> _Goal of the exercise_: Word for word, restate the entries below from their first line through the line that contains "section \<open>The order".

Saved data entries
========================
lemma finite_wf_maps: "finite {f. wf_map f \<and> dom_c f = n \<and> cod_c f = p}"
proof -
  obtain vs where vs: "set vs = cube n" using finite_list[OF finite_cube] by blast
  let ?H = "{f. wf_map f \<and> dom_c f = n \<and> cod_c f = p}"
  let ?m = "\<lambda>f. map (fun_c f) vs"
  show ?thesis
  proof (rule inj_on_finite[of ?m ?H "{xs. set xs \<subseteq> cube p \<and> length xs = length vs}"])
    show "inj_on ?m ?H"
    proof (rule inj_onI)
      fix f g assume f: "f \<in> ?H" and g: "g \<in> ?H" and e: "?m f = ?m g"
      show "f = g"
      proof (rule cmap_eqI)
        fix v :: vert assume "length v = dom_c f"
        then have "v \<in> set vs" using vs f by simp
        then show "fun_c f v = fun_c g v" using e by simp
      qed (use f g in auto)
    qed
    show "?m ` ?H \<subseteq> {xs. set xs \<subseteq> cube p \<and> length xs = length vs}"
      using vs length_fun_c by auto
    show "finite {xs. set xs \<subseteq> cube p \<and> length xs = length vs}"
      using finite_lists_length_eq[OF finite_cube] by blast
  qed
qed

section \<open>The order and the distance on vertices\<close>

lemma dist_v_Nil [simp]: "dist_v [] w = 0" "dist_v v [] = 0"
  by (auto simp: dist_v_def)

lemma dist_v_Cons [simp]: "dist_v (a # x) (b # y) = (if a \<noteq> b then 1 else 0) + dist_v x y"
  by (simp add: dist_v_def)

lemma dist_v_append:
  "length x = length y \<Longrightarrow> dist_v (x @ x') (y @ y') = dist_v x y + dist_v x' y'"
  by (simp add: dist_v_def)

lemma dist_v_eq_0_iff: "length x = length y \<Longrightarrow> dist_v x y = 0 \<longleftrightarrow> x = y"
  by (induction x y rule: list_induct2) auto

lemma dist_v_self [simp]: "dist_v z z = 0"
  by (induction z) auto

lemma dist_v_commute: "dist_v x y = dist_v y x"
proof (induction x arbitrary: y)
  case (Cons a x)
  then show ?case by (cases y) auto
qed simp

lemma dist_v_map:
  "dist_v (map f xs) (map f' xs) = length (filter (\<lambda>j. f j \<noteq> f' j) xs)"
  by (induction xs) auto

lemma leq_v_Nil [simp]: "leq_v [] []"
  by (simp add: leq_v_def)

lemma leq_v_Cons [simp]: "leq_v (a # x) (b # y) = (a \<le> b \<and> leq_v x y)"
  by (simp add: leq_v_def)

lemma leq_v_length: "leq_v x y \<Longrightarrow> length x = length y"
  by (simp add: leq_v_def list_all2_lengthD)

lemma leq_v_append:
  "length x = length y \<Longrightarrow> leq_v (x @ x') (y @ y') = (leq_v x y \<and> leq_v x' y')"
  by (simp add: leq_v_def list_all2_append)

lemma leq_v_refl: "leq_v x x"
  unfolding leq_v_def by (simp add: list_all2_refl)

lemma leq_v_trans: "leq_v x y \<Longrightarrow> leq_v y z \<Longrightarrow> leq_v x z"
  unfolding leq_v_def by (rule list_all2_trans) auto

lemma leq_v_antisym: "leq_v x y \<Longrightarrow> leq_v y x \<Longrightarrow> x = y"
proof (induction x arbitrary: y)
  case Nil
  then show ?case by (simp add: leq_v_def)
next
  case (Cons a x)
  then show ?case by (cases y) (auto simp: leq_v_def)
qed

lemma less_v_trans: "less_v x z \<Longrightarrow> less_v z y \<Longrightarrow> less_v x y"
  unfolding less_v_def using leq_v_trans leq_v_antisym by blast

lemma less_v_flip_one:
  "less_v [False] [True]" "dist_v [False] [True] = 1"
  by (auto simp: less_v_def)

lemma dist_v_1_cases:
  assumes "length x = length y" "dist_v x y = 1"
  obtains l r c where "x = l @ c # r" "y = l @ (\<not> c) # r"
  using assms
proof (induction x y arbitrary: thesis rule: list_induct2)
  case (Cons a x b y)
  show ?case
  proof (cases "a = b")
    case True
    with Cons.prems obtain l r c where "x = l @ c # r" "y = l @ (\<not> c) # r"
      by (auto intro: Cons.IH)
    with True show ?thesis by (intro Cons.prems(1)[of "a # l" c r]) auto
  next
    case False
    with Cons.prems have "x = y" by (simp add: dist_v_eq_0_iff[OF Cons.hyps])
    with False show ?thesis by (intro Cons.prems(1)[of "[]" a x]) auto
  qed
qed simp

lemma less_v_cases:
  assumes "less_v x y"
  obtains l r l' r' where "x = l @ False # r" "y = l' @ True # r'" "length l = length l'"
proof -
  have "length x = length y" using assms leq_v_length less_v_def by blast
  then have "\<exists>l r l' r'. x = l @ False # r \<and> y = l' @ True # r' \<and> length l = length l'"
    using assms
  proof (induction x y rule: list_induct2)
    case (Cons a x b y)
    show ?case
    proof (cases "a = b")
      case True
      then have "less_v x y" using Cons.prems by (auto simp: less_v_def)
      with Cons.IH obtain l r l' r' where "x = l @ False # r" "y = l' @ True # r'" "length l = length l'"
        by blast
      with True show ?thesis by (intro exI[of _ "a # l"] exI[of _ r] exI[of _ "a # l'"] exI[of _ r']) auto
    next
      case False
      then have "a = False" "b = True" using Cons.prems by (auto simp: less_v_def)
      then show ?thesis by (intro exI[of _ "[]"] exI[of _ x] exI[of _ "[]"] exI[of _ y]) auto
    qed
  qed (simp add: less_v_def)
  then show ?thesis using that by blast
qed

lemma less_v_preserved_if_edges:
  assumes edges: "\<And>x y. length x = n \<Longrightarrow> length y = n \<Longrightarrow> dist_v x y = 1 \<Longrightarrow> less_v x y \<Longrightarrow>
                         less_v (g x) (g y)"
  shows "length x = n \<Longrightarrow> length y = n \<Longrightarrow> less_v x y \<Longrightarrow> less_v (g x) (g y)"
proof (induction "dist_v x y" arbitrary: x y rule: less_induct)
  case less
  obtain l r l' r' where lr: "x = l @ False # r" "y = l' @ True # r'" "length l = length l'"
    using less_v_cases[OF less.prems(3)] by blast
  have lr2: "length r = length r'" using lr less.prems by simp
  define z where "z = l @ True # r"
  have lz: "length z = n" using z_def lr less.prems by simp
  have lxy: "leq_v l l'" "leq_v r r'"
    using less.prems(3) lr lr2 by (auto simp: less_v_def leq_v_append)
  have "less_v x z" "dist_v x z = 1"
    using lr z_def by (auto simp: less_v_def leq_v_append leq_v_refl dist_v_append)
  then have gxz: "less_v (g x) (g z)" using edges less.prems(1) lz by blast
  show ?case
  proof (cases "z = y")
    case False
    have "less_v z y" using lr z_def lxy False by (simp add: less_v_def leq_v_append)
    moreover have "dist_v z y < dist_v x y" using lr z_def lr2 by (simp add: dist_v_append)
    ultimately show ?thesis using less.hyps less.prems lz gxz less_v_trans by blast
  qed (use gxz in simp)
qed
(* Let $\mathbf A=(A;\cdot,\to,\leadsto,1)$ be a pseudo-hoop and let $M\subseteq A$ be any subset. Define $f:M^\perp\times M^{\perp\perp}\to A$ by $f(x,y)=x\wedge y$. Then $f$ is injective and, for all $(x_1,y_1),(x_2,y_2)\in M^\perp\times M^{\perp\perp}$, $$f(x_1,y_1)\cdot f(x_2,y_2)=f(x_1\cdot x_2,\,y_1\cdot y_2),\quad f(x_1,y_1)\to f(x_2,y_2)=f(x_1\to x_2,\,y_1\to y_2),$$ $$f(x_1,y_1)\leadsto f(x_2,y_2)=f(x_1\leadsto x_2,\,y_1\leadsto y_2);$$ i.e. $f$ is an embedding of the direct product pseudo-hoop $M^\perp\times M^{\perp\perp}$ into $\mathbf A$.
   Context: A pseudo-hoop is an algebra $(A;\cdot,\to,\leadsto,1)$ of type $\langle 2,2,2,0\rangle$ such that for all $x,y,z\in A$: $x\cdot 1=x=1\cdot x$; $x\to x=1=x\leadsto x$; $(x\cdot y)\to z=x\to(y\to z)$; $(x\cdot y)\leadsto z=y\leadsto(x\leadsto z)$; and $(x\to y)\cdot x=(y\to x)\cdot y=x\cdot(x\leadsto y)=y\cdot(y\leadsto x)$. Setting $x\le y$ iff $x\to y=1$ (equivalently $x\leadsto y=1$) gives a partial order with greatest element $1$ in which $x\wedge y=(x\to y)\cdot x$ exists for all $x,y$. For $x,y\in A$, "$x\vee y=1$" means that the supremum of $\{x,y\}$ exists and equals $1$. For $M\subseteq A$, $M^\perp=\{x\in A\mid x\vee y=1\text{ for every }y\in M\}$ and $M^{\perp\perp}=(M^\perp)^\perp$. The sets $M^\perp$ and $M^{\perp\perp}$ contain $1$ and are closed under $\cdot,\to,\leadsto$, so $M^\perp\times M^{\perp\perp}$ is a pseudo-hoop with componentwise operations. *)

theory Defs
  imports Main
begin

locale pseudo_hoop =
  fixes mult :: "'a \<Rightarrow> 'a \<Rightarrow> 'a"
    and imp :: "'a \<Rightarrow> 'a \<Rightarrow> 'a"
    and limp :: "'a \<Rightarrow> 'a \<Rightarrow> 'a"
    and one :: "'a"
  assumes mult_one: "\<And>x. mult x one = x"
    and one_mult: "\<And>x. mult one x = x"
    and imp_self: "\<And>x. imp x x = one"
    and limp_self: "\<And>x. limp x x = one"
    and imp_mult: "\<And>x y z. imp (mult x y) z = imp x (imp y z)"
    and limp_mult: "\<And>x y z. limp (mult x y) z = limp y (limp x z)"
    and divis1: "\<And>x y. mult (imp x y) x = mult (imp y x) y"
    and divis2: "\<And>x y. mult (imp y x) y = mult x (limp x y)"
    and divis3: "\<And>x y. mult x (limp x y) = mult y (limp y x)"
========================
> _Task response_:
lemma finite_wf_maps: "finite {f. wf_map f \<and> dom_c f = n \<and> cod_c f = p}"
proof -
  obtain vs where vs: "set vs = cube n" using finite_list[OF finite_cube] by blast
  let ?H = "{f. wf_map f \<and> dom_c f = n \<and> cod_c f = p}"
  let ?m = "\<lambda>f. map (fun_c f) vs"
  show ?thesis
  proof (rule inj_on_finite[of ?m ?H "{xs. set xs \<subseteq> cube p \<and> length xs = length vs}"])
    show "inj_on ?m ?H"
    proof (rule inj_onI)
      fix f g assume f: "f \<in> ?H" and g: "g \<in> ?H" and e: "?m f = ?m g"
      show "f = g"
      proof (rule cmap_eqI)
        fix v :: vert assume "length v = dom_c f"
        then have "v \<in> set vs" using vs f by simp
        then show "fun_c f v = fun_c g v" using e by simp
      qed (use f g in auto)
    qed
    show "?m ` ?H \<subseteq> {xs. set xs \<subseteq> cube p \<and> length xs = length vs}"
      using vs length_fun_c by auto
    show "finite {xs. set xs \<subseteq> cube p \<and> length xs = length vs}"
      using finite_lists_length_eq[OF finite_cube] by blast
  qed
qed

section \<open>The order and the distance on vertices\<close>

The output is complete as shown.